Each of the lines below must be restated exactly.

+++ SUPPLIED MATERIAL +++

lemma realness_estimation:
  fixes \<epsilon> :: real
  assumes "0 < \<epsilon>"
  shows "\<exists>K steps (est :: nat \<Rightarrow> real).
     valid_alg dA d K steps \<and> real (num_U_queries steps + num_Uconj_queries steps) \<le> 8 / \<epsilon>\<^sup>2 \<and>
     (\<forall>U \<psi>. is_unit_vec d \<psi> \<longrightarrow> state_prep dA d U (outer \<psi>) \<longrightarrow>
        prob_outcome (final_state K U steps) (\<lambda>x. \<bar>est x - realness \<psi>\<bar> \<le> \<epsilon>) \<ge> 2/3)"
proof (cases "\<epsilon> < 1")
  case True
  let ?P = "2 * (dA*d) * (dA*d)"
  define n where "n = nat \<lceil>3 / \<epsilon>\<^sup>2\<rceil>"
  let ?k = "count_digits ?P (\<lambda>p. p < dA*d * (dA*d)) n"
  have n: "3 / \<epsilon>\<^sup>2 \<le> n" "n \<le> 3 / \<epsilon>\<^sup>2 + 1"
    unfolding n_def using assms by (simp_all add: of_nat_nat order.trans[OF le_of_int_ceiling])
  then have "0 < n" using assms by (auto intro!: Nat.gr0I simp: field_simps)
  show ?thesis
  proof (intro exI[of _ "?P ^ n"] exI[of _ "repeated_swap_test dA d n"]
      exI[of _ "\<lambda>x. 2 * real (?k x) / n - 1"] conjI allI impI)
    show "valid_alg dA d (?P ^ n) (repeated_swap_test dA d n)" by (rule valid_repeated_swap_test)
    have "1 \<le> 1 / \<epsilon>\<^sup>2" using assms True by (simp add: power_le_one field_simps)
    then show "real (num_U_queries (repeated_swap_test dA d n) + num_Uconj_queries (repeated_swap_test dA d n))
        \<le> 8 / \<epsilon>\<^sup>2"
      using n by (simp add: num_queries_repeated_swap_test)
  next
    fix U \<psi> assume "is_unit_vec d \<psi>" and "state_prep dA d U (outer \<psi>)"
    with \<open>0 < n\<close> assms n show "prob_outcome (final_state (?P ^ n) U (repeated_swap_test dA d n))
        (\<lambda>x. \<bar>2 * real (?k x) / n - 1 - realness \<psi>\<bar> \<le> \<epsilon>) \<ge> 2/3"
      by (intro repeated_swap_test_estimate) (simp_all add: field_simps)
  qed
next
  case False
  show ?thesis
  proof (intro exI[of _ 1] exI[of _ "[]"] exI[of _ "\<lambda>_. 1/2"] conjI allI impI)
    show "valid_alg dA d 1 []" by (simp add: valid_alg_def)
    show "real (num_U_queries [] + num_Uconj_queries []) \<le> 8 / \<epsilon>\<^sup>2" by simp
  next
    fix U \<psi> assume unit: "is_unit_vec d \<psi>" and prep: "state_prep dA d U (outer \<psi>)"
    have "0 \<le> realness \<psi>" by (simp add: realness_def)
    then have "\<bar>1/2 - realness \<psi>\<bar> \<le> \<epsilon>"
      using False realness_le_1[OF unit] by (simp add: abs_le_iff)
    then show "prob_outcome (final_state 1 U []) (\<lambda>x. \<bar>1/2 - realness \<psi>\<bar> \<le> \<epsilon>) \<ge> 2/3"
      using repeated_swap_test_binomial[OF unit prep, of 0]
      by (simp add: prob_outcome_expectation has_binomial_moments_def)
  qed
qed

theorem lemma3p2:
  shows "(\<forall>dA d. \<exists>K steps (out :: nat \<Rightarrow> bool).
            valid_alg dA d K steps \<and> num_U_queries steps = 2 \<and> num_Uconj_queries steps = 2 \<and>
            (\<forall>U \<psi>. is_unit_vec d \<psi> \<longrightarrow> state_prep dA d U (outer \<psi>) \<longrightarrow>
               (realness \<psi> = 1 \<longrightarrow> prob_outcome (final_state K U steps) out \<ge> 2/3) \<and>
               (realness \<psi> < 1/10 \<longrightarrow>
                  prob_outcome (final_state K U steps) (\<lambda>x. \<not> out x) \<ge> 2/3)))
       \<and> (\<exists>C::real. C > 0 \<and> (\<forall>\<epsilon>::real. \<epsilon> > 0 \<longrightarrow> (\<forall>dA d. \<exists>K steps (est :: nat \<Rightarrow> real).
            valid_alg dA d K steps \<and>
            real (num_U_queries steps + num_Uconj_queries steps) \<le> C / \<epsilon>\<^sup>2 \<and>
            (\<forall>U \<psi>. is_unit_vec d \<psi> \<longrightarrow> state_prep dA d U (outer \<psi>) \<longrightarrow>
               prob_outcome (final_state K U steps) (\<lambda>x. \<bar>est x - realness \<psi>\<bar> \<le> \<epsilon>) \<ge> 2/3))))"
  using reality_test_two_queries realness_estimation by (intro conjI exI[of _ 8]) auto

end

+++

ANSWER ::
lemma realness_estimation:
  fixes \<epsilon> :: real
  assumes "0 < \<epsilon>"
  shows "\<exists>K steps (est :: nat \<Rightarrow> real).
     valid_alg dA d K steps \<and> real (num_U_queries steps + num_Uconj_queries steps) \<le> 8 / \<epsilon>\<^sup>2 \<and>
     (\<forall>U \<psi>. is_unit_vec d \<psi> \<longrightarrow> state_prep dA d U (outer \<psi>) \<longrightarrow>
        prob_outcome (final_state K U steps) (\<lambda>x. \<bar>est x - realness \<psi>\<bar> \<le> \<epsilon>) \<ge> 2/3)"
proof (cases "\<epsilon> < 1")
  case True
  let ?P = "2 * (dA*d) * (dA*d)"
  define n where "n = nat \<lceil>3 / \<epsilon>\<^sup>2\<rceil>"
  let ?k = "count_digits ?P (\<lambda>p. p < dA*d * (dA*d)) n"
  have n: "3 / \<epsilon>\<^sup>2 \<le> n" "n \<le> 3 / \<epsilon>\<^sup>2 + 1"
    unfolding n_def using assms by (simp_all add: of_nat_nat order.trans[OF le_of_int_ceiling])
  then have "0 < n" using assms by (auto intro!: Nat.gr0I simp: field_simps)
  show ?thesis
  proof (intro exI[of _ "?P ^ n"] exI[of _ "repeated_swap_test dA d n"]
      exI[of _ "\<lambda>x. 2 * real (?k x) / n - 1"] conjI allI impI)
    show "valid_alg dA d (?P ^ n) (repeated_swap_test dA d n)" by (rule valid_repeated_swap_test)
    have "1 \<le> 1 / \<epsilon>\<^sup>2" using assms True by (simp add: power_le_one field_simps)
    then show "real (num_U_queries (repeated_swap_test dA d n) + num_Uconj_queries (repeated_swap_test dA d n))
        \<le> 8 / \<epsilon>\<^sup>2"
      using n by (simp add: num_queries_repeated_swap_test)
  next
    fix U \<psi> assume "is_unit_vec d \<psi>" and "state_prep dA d U (outer \<psi>)"
    with \<open>0 < n\<close> assms n show "prob_outcome (final_state (?P ^ n) U (repeated_swap_test dA d n))
        (\<lambda>x. \<bar>2 * real (?k x) / n - 1 - realness \<psi>\<bar> \<le> \<epsilon>) \<ge> 2/3"
      by (intro repeated_swap_test_estimate) (simp_all add: field_simps)
  qed
next
  case False
  show ?thesis
  proof (intro exI[of _ 1] exI[of _ "[]"] exI[of _ "\<lambda>_. 1/2"] conjI allI impI)
    show "valid_alg dA d 1 []" by (simp add: valid_alg_def)
    show "real (num_U_queries [] + num_Uconj_queries []) \<le> 8 / \<epsilon>\<^sup>2" by simp
  next
    fix U \<psi> assume unit: "is_unit_vec d \<psi>" and prep: "state_prep dA d U (outer \<psi>)"
    have "0 \<le> realness \<psi>" by (simp add: realness_def)
    then have "\<bar>1/2 - realness \<psi>\<bar> \<le> \<epsilon>"
      using False realness_le_1[OF unit] by (simp add: abs_le_iff)
    then show "prob_outcome (final_state 1 U []) (\<lambda>x. \<bar>1/2 - realness \<psi>\<bar> \<le> \<epsilon>) \<ge> 2/3"
      using repeated_swap_test_binomial[OF unit prep, of 0]
      by (simp add: prob_outcome_expectation has_binomial_moments_def)
  qed
qed

theorem lemma3p2:
  shows "(\<forall>dA d. \<exists>K steps (out :: nat \<Rightarrow> bool).
            valid_alg dA d K steps \<and> num_U_queries steps = 2 \<and> num_Uconj_queries steps = 2 \<and>
            (\<forall>U \<psi>. is_unit_vec d \<psi> \<longrightarrow> state_prep dA d U (outer \<psi>) \<longrightarrow>
               (realness \<psi> = 1 \<longrightarrow> prob_outcome (final_state K U steps) out \<ge> 2/3) \<and>
               (realness \<psi> < 1/10 \<longrightarrow>
                  prob_outcome (final_state K U steps) (\<lambda>x. \<not> out x) \<ge> 2/3)))
       \<and> (\<exists>C::real. C > 0 \<and> (\<forall>\<epsilon>::real. \<epsilon> > 0 \<longrightarrow> (\<forall>dA d. \<exists>K steps (est :: nat \<Rightarrow> real).
            valid_alg dA d K steps \<and>
            real (num_U_queries steps + num_Uconj_queries steps) \<le> C / \<epsilon>\<^sup>2 \<and>
            (\<forall>U \<psi>. is_unit_vec d \<psi> \<longrightarrow> state_prep dA d U (outer \<psi>) \<longrightarrow>
               prob_outcome (final_state K U steps) (\<lambda>x. \<bar>est x - realness \<psi>\<bar> \<le> \<epsilon>) \<ge> 2/3))))"
  using reality_test_two_queries realness_estimation by (intro conjI exI[of _ 8]) auto

end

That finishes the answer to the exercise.